-- Your objective --
Produce word for word the lines of the data below running from the one that has "n \<le> real n" to the one that has "then obtain m", inclusive, and no others.

-- The data --

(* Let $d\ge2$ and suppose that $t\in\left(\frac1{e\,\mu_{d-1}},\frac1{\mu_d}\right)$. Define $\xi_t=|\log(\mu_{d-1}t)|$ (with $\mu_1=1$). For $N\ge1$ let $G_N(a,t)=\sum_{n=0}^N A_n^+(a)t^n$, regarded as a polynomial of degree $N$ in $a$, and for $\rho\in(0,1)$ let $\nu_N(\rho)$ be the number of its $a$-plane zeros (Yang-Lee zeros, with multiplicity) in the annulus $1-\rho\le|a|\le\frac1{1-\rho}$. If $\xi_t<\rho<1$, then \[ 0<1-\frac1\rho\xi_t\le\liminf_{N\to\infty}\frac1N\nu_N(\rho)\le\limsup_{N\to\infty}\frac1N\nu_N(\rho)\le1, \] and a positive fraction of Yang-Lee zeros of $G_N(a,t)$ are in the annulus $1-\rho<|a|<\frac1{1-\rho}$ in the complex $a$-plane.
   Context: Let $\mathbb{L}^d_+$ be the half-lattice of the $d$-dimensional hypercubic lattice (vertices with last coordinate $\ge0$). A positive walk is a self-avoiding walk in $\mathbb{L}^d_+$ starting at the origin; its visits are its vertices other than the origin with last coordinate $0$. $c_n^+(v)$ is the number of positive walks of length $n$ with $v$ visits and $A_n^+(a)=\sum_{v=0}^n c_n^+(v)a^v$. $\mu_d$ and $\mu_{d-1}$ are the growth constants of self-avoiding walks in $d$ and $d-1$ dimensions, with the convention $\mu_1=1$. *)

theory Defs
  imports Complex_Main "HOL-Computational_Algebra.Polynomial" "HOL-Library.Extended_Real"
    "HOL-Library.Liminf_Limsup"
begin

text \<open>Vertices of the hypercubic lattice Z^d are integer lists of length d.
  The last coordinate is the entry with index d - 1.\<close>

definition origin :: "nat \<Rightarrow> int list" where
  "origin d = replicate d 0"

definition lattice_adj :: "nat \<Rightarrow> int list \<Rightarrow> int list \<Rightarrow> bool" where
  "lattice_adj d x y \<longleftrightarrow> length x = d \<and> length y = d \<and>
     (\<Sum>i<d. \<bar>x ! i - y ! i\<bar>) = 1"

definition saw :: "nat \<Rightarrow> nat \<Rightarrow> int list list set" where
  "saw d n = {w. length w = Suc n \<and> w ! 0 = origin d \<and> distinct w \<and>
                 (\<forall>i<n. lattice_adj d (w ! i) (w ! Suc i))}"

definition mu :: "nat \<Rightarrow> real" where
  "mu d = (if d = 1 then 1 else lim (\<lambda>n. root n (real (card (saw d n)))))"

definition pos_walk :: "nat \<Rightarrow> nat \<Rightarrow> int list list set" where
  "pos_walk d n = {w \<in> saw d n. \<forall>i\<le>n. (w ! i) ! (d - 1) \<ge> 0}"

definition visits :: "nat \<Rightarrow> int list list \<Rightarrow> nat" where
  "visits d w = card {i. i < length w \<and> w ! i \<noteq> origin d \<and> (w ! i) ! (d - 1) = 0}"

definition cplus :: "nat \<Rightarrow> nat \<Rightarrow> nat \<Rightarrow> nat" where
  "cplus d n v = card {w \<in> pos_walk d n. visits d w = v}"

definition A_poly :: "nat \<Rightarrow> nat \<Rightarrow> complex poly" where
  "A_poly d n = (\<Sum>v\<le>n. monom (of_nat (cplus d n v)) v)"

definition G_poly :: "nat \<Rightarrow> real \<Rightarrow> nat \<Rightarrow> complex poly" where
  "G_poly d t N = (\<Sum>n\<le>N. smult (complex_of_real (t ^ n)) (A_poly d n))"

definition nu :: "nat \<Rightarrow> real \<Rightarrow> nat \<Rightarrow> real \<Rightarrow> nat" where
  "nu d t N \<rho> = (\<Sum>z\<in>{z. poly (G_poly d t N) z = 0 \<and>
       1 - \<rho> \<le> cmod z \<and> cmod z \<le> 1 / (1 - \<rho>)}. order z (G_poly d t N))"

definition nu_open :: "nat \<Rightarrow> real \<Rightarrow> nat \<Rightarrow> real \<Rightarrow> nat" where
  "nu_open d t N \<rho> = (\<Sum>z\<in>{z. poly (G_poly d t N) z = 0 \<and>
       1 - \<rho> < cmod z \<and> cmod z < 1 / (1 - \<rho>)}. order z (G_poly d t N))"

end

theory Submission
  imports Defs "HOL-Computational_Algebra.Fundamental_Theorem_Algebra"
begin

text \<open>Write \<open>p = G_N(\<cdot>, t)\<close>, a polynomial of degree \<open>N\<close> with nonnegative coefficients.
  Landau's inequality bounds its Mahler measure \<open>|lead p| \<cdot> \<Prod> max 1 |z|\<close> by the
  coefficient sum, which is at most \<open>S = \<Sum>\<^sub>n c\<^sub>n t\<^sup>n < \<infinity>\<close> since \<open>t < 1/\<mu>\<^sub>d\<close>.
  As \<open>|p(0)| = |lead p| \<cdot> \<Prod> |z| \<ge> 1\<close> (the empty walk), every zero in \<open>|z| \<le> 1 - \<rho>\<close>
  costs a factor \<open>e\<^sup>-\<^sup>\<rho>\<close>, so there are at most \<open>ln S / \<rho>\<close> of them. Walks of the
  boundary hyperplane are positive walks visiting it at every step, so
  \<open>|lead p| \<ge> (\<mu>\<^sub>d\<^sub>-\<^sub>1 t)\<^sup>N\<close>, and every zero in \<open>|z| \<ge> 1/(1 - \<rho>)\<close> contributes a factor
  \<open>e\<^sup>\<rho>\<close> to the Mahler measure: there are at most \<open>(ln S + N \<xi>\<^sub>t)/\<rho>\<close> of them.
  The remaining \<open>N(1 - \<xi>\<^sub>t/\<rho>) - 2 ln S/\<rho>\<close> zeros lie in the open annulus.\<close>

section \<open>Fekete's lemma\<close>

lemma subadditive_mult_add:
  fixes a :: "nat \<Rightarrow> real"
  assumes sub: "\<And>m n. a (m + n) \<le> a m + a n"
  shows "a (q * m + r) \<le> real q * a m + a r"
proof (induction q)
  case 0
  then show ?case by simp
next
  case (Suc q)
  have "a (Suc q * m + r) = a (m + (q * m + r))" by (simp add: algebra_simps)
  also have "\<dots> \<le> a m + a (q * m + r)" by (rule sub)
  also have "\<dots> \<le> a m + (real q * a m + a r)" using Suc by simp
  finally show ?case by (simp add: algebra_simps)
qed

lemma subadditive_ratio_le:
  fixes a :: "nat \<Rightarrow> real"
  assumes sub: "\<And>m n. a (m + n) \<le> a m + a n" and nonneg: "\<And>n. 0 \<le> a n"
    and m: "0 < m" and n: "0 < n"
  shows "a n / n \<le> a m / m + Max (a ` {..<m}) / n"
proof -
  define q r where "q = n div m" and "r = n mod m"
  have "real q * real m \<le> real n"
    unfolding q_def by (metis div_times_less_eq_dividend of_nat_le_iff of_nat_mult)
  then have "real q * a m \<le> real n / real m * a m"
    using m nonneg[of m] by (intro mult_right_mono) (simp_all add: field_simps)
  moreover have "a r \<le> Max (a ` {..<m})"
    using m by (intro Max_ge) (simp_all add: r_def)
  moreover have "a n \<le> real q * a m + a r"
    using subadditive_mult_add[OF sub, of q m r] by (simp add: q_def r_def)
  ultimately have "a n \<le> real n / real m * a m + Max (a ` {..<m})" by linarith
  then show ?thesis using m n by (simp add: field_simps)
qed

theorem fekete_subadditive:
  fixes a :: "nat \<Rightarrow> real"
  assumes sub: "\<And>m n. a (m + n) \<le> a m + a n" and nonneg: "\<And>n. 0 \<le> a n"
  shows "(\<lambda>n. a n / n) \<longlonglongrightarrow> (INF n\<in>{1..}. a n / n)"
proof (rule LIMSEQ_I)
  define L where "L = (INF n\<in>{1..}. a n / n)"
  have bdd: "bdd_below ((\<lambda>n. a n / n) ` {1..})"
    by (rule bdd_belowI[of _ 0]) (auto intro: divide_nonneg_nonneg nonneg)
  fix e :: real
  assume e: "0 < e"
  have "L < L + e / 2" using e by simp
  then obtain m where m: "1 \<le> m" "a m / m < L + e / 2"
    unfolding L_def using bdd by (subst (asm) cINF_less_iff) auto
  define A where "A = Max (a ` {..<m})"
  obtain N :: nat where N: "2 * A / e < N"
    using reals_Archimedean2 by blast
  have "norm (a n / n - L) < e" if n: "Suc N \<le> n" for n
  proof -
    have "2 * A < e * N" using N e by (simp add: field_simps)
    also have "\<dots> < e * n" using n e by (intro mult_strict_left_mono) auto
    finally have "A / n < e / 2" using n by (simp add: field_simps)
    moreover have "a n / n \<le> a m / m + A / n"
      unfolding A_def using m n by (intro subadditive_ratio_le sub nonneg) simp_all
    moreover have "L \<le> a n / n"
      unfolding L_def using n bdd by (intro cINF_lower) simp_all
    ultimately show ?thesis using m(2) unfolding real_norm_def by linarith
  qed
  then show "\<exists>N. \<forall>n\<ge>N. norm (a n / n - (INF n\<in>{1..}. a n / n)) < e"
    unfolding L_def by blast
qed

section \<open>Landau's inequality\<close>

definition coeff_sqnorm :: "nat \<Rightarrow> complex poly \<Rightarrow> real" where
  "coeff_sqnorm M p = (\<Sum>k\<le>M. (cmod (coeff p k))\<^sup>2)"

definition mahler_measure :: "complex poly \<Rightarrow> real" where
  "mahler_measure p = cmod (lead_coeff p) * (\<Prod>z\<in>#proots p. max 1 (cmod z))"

-- Result --
  ultimately have "a n \<le> real n / real m * a m + Max (a ` {..<m})" by linarith
  then show ?thesis using m n by (simp add: field_simps)
qed

theorem fekete_subadditive:
  fixes a :: "nat \<Rightarrow> real"
  assumes sub: "\<And>m n. a (m + n) \<le> a m + a n" and nonneg: "\<And>n. 0 \<le> a n"
  shows "(\<lambda>n. a n / n) \<longlonglongrightarrow> (INF n\<in>{1..}. a n / n)"
proof (rule LIMSEQ_I)
  define L where "L = (INF n\<in>{1..}. a n / n)"
  have bdd: "bdd_below ((\<lambda>n. a n / n) ` {1..})"
    by (rule bdd_belowI[of _ 0]) (auto intro: divide_nonneg_nonneg nonneg)
  fix e :: real
  assume e: "0 < e"
  have "L < L + e / 2" using e by simp
  then obtain m where m: "1 \<le> m" "a m / m < L + e / 2"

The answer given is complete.